2.3 Souvenir définissant le soi

2.3.1 Définition des souvenirs définissant le soi

En 1993 aux Etats-Unis, Singer et Salovey ont introduit en psychologie le concept de « Self Defining Memories ». Il s’agit de souvenirs qui forment l’identité de la personne et qui lui permettent de se définir en tant qu’individu. Selon les auteurs, la compréhension de soi et du monde social qui nous entoure est structurée par nos souvenirs. D’après Singer (2005) l’individu se remémore des expériences passées, de façon répétitive, afin de générer une conception de soi-même et du monde relativement stable et claire. La capacité de connecter ses souvenirs à son histoire de vie apporte à l’individu un sentiment de continuité et de sens à sa vie. Les souvenirs autobiographiques jouent un rôle dans le développement humain, les interactions sociales et la personnalité. Ce que les personnes pensent d’elles-mêmes et de leurs expériences passées apportent une meilleure compréhension de leurs désirs, de leurs émotions et des buts qui les animent. De plus, selon Singer (2005) il est difficile d’imaginer une cohérence du self ou de l’identité sans le fonctionnement efficace des systèmes mnésiques qui permettent de lier les événements passés à l’identité actuelle de la personne.

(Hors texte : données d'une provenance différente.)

lemma submodule_image:
  assumes W: "is_submodule m r s W"
  shows "is_submodule m r' s' (f ` W)"
  unfolding is_submodule_def
proof (intro conjI allI impI ballI)
  have WT: "W \<subseteq> tcarrier TYPE('k) m r s" using W by (simp add: is_submodule_def)
  then show "f ` W \<subseteq> tcarrier TYPE('k) m r' s'" by (intro image_subsetI maps_tcarrier) blast
  have "f (\<lambda>w. 0) \<in> f ` W" using W by (simp add: is_submodule_def)
  then show "(\<lambda>w. 0) \<in> f ` W" by (simp only: map_zero)
  show "(\<lambda>w. x w + y w) \<in> f ` W" if xW: "x \<in> f ` W" and yW: "y \<in> f ` W" for x y
  proof -
    obtain x' y' where "x' \<in> W" "y' \<in> W" and xy: "x = f x'" "y = f y'" using xW yW by blast
    then have "f (\<lambda>w. x' w + y' w) \<in> f ` W" using W by (simp add: is_submodule_def)
    then show ?thesis by (simp only: additive xy)
  qed
  show "(\<lambda>w. c * x w) \<in> f ` W" if xW: "x \<in> f ` W" for c x
  proof -
    obtain x' where "x' \<in> W" and x: "x = f x'" using xW by blast
    then have "f (\<lambda>w. c * x' w) \<in> f ` W" using W by (simp add: is_submodule_def)
    then show ?thesis by (simp only: homogeneous x)
  qed
  show "dp_act m r' s' e i k x \<in> f ` W" if i: "Suc i < m" and xW: "x \<in> f ` W" for e i k x
  proof -
    obtain y where y: "y \<in> W" and x: "x = f y" using xW by blast
    then have "f (dp_act m r s e i k y) \<in> f ` W" using W i by (simp add: is_submodule_def)
    then show ?thesis using y WT by (simp add: commute_dp_act[OF i] x subset_iff)
  qed
  show "cartan_act r' j t x \<in> f ` W" if j: "j < m" and xW: "x \<in> f ` W" for j t x
  proof -
    obtain y where y: "y \<in> W" and x: "x = f y" using xW by blast
    then have "f (cartan_act r j t y) \<in> f ` W" using W j by (simp add: is_submodule_def)
    then show ?thesis using y WT by (simp add: commute_cartan_act[OF j] x subset_iff)
  qed
qed

lemma submodule_preimage:
  assumes "is_submodule m r' s' W'"
  shows "is_submodule m r s {x \<in> tcarrier TYPE('k) m r s. f x \<in> W'}"
  using assms dp_act_in_tcarrier cartan_act_in_tcarrier
  by (auto simp: is_submodule_def map_zero additive homogeneous commute_dp_act commute_cartan_act)
    (simp_all add: tcarrier_def)

lemma semisimple_source:
  assumes "semisimple_T TYPE('k) m r' s'"
  shows "semisimple_T TYPE('k) m r s"
  unfolding semisimple_T_def
proof (intro allI impI)
  let ?T = "tcarrier TYPE('k) m r s"
  fix W :: "(nat list \<Rightarrow> 'k) set"
  assume W: "is_submodule m r s W"
  then have WT: "W \<subseteq> ?T" by (simp add: is_submodule_def)
  have "\<exists>W'. is_submodule m r' s' W' \<and> f ` W \<inter> W' = {\<lambda>w. 0} \<and>
      (\<forall>v\<in>tcarrier TYPE('k) m r' s'. \<exists>a\<in>f ` W. \<exists>b\<in>W'. v = (\<lambda>w. a w + b w))"
    using assms submodule_image[OF W] unfolding semisimple_T_def by (elim allE impE)
  then obtain W' where W': "is_submodule m r' s' W'" and disjoint: "f ` W \<inter> W' = {\<lambda>w. 0}"
    and spanning: "\<forall>v\<in>tcarrier TYPE('k) m r' s'. \<exists>a\<in>f ` W. \<exists>b\<in>W'. v = (\<lambda>w. a w + b w)"
    by (elim exE conjE)
  define C where "C = {x \<in> ?T. f x \<in> W'}"
  have C: "is_submodule m r s C"
    unfolding C_def using W' by (rule submodule_preimage)
  have "W \<inter> C = {\<lambda>w. 0}"
  proof
    show "{\<lambda>w. 0} \<subseteq> W \<inter> C" using W C by (simp add: is_submodule_def)
    show "W \<inter> C \<subseteq> {\<lambda>w. 0}"
    proof
      fix x assume x: "x \<in> W \<inter> C"
      then have "f x \<in> f ` W \<inter> W'" by (simp add: C_def)
      then have "f x = f (\<lambda>w. 0)" using disjoint by (simp add: map_zero)
      moreover have "(\<lambda>w. 0) \<in> ?T" by (simp add: tcarrier_def)
      moreover have "x \<in> ?T" using x by (simp add: C_def)
      ultimately show "x \<in> {\<lambda>w. 0}" using inj_on_tcarrier by (simp add: inj_on_eq_iff)
    qed
  qed
  moreover have "\<exists>a\<in>W. \<exists>b\<in>C. v = (\<lambda>w. a w + b w)" if v: "v \<in> ?T" for v
  proof -
    obtain a b where a: "a \<in> f ` W" and b: "b \<in> W'" and fv: "f v = (\<lambda>w. a w + b w)"
      using spanning maps_tcarrier[OF v] by blast
    then obtain x where x: "x \<in> W" and "a = f x" by blast
    then have "f (\<lambda>w. v w - x w) = b" using fv by (simp add: map_diff)
    moreover have "(\<lambda>w. v w - x w) \<in> ?T" using v x WT by (auto simp: tcarrier_def)
    ultimately have "(\<lambda>w. v w - x w) \<in> C" using b by (simp add: C_def)
    with x show ?thesis by (intro bexI[of _ x] bexI[of _ "\<lambda>w. v w - x w"]) simp_all
  qed
  ultimately show "\<exists>W'. is_submodule m r s W' \<and> W \<inter> W' = {\<lambda>w. 0} \<and>
      (\<forall>v\<in>?T. \<exists>a\<in>W. \<exists>b\<in>W'. v = (\<lambda>w. a w + b w))"
    using C by blast
qed

end

section \<open>Inserting the invariant \<Sum>_j e_j \<otimes> e_j^*\<close>

definition insert_pair :: "nat \<Rightarrow> nat \<Rightarrow> nat list \<Rightarrow> nat list" where
  "insert_pair r j w = take r w @ [j, j] @ drop r w"

definition remove_pair :: "nat \<Rightarrow> nat list \<Rightarrow> nat list" where
  "remove_pair r u = take r u @ drop (Suc (Suc r)) u"

lemma length_insert_pair: "r \<le> length w \<Longrightarrow> length (insert_pair r j w) = length w + 2"
  by (simp add: insert_pair_def)

lemma nth_insert_pair:
  "r \<le> length w \<Longrightarrow> insert_pair r j w ! r = j \<and> insert_pair r j w ! Suc r = j"
  by (simp add: insert_pair_def nth_append)

lemma remove_insert_pair: "r \<le> length w \<Longrightarrow> remove_pair r (insert_pair r j w) = w"
  by (simp add: insert_pair_def remove_pair_def)

lemma take_nth_nth_drop:
  assumes "Suc (Suc r) \<le> length u"
  shows "u = take r u @ [u ! r, u ! Suc r] @ drop (Suc (Suc r)) u"
  using assms by (simp add: Cons_nth_drop_Suc)

lemma insert_remove_pair:
  "\<lbrakk>Suc (Suc r) \<le> length u; u ! r = u ! Suc r\<rbrakk> \<Longrightarrow> insert_pair r (u ! r) (remove_pair r u) = u"
  using take_nth_nth_drop[of r u] by (simp add: insert_pair_def remove_pair_def min_def)

lemma set_insert_pair: "set (insert_pair r j w) = insert j (set w)"
  unfolding insert_pair_def by (metis Un_insert_right append_take_drop_id insert_absorb2
      list.set(2) set_append set_empty sup_bot.right_neutral Un_insert_left Un_commute)

lemma inj_on_insert_pair: "inj_on (\<lambda>(j, w). insert_pair r j w) {(j, w). r \<le> length w}"
proof (rule inj_onI, clarsimp)
  fix j w j' w' assume "r \<le> length w" "r \<le> length w'" "insert_pair r j w = insert_pair r j' w'"
  then show "j = j' \<and> w = w'" by (metis nth_insert_pair remove_insert_pair)
qed

lemma insert_pair_in_words:
  "\<lbrakk>w \<in> words m r s; j < m\<rbrakk> \<Longrightarrow> insert_pair r j w \<in> words m (r + 1) (s + 1)"
  by (auto simp: words_def length_insert_pair set_insert_pair)

lemma finite_words: "finite (words m r s)"
  unfolding words_def
  by (rule finite_subset[OF _ finite_lists_length_eq[of "{..<m}" "r + s"]]) auto

lemma sites_eq_zip:
  "length w' = length w \<Longrightarrow> sites r w w' = zip (map (\<lambda>p. p < r) [0..<length w]) (zip w w')"
  by (rule nth_equalityI) (auto simp: sites_def)

lemma map_less_upt_add: "map (\<lambda>p. p < r) [0..<r + s] = replicate r True @ replicate s False"
  by (rule nth_equalityI) (auto simp: nth_append)

lemma sites_insert_pair:
  assumes "length w = r + s" "length u = r + s + 2"
  shows "sites (Suc r) (insert_pair r j w) u =
     zip (replicate r True) (zip (take r w) (take r u)) @ [(True, j, u ! r), (False, j, u ! Suc r)]
     @ zip (replicate s False) (zip (drop r w) (drop (Suc (Suc r)) u))"
proof -
  have len: "length (insert_pair r j w) = Suc r + Suc s"
    using assms by (simp add: length_insert_pair)
  have "sites (Suc r) (insert_pair r j w) u =
      zip (replicate (Suc r) True @ replicate (Suc s) False) (zip (insert_pair r j w) u)"
    using assms len by (simp only: sites_eq_zip map_less_upt_add)
  also have "replicate (Suc r) True @ replicate (Suc s) False
      = replicate r True @ [True, False] @ replicate s False"
    by (simp add: replicate_append_same[symmetric])
  also have "zip (insert_pair r j w) u = zip (take r w @ [j, j] @ drop r w)
      (take r u @ [u ! r, u ! Suc r] @ drop (Suc (Suc r)) u)"
    using take_nth_nth_drop[of r u] assms by (simp add: insert_pair_def)
  finally show ?thesis using assms by (simp add: zip_append)
qed

lemma sites_remove_pair:
  assumes "length w = r + s" "length u = r + s + 2"
  shows "sites r w (remove_pair r u) =
     zip (replicate r True) (zip (take r w) (take r u))
     @ zip (replicate s False) (zip (drop r w) (drop (Suc (Suc r)) u))"
proof -
  have "length (remove_pair r u) = length w"
    using assms by (simp add: remove_pair_def)
  then have "sites r w (remove_pair r u) =
      zip (replicate r True @ replicate s False) (zip w (remove_pair r u))"
    using assms by (simp only: sites_eq_zip map_less_upt_add)
  also have "zip w (remove_pair r u) = zip (take r w @ drop r w) (take r u @ drop (Suc (Suc r)) u)"
    by (simp add: remove_pair_def)
  also have "\<dots> = zip (take r w) (take r u) @ zip (drop r w) (drop (Suc (Suc r)) u)"
    by (rule zip_append) (simp add: assms)
  finally show ?thesis using assms by (simp add: zip_append)
qed

text \<open>Invariance of \<Sum>_j e_j \<otimes> e_j^*: on the inserted pair, the terms in which E_i or F_i
  moves the V-letter and those in which it moves the V^*-letter cancel.\<close>
lemma sum_moves_coev_pair:
  assumes "Suc i < m"
  shows "(\<Sum>j<m. if moves_ok e i [(True, j, a), (False, j, b)]
                   \<and> moves_count e i [(True, j, a), (False, j, b)] + N = k
                then moves_sign e i [(True, j, a), (False, j, b)] else 0)
       = (if a = b \<and> a < m \<and> N = k then 1 else 0)"
proof -
  define P where "P = (if e then a = i \<and> b = Suc i else a = Suc i \<and> b = i)"
  have summand: "(if moves_ok e i [(True, j, a), (False, j, b)]
                    \<and> moves_count e i [(True, j, a), (False, j, b)] + N = k
                  then moves_sign e i [(True, j, a), (False, j, b)] else 0) =
       (if a = b then (if j = a \<and> N = k then 1 else 0)
        else if P \<and> Suc N = k
        then (if j = (if e then Suc i else i) then 1 else 0) - (if j = (if e then i else Suc i) then 1 else 0)
        else 0)" for j
    unfolding P_def moves_ok_def moves_count_def moves_sign_def
    by (cases e; cases "j = a"; cases "j = b"; cases "a = b"; simp add: site_move_def factor_step_def; auto)
  show ?thesis
  proof (cases "a = b")
    case True
    then show ?thesis unfolding summand by (cases "N = k") (simp_all add: sum.delta)
  next
    case False
    then show ?thesis using assms unfolding summand
      by (cases "P \<and> Suc N = k"; cases e) (auto simp add: sum_subtractf sum.delta)
  qed
qed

Toujours selon Singer (2005) l’individu met en mémoire et récupère les aspects d’un souvenir qui sont concordants avec l’image qu’il se fait de lui-même et du monde qui l’entoure mais également avec ses buts actuels. Le souvenir n’est pas une copie exacte de la réalité mais une construction mnésique de ce que nous croyons avoir vécu et de ce que nous pensons de manière générale. Il arrive parfois qu’un souvenir soit déformé pour mieux convenir à l’image que l’on se fait de la réalité.

Les gens s'allouent des qualités ou des défauts au regard d’expériences passées qui ont infirmé ou confirmé leurs croyances et formé leur identité. Ces expériences passées en lien avec l’identité constituent les souvenirs définissant le soi. Ces souvenirs ont impact important sur la vie de la personne et conduisent parfois à des biais d’interprétation négatif de la réalité.

Certains souvenirs personnels sont extrêmement négatifs et ont une influence délétère sur les buts désirés, l’estime de soi, l’humeur ou encore les relations interpersonnelles des individus dans le présent et le futur (Williams & al. 1996).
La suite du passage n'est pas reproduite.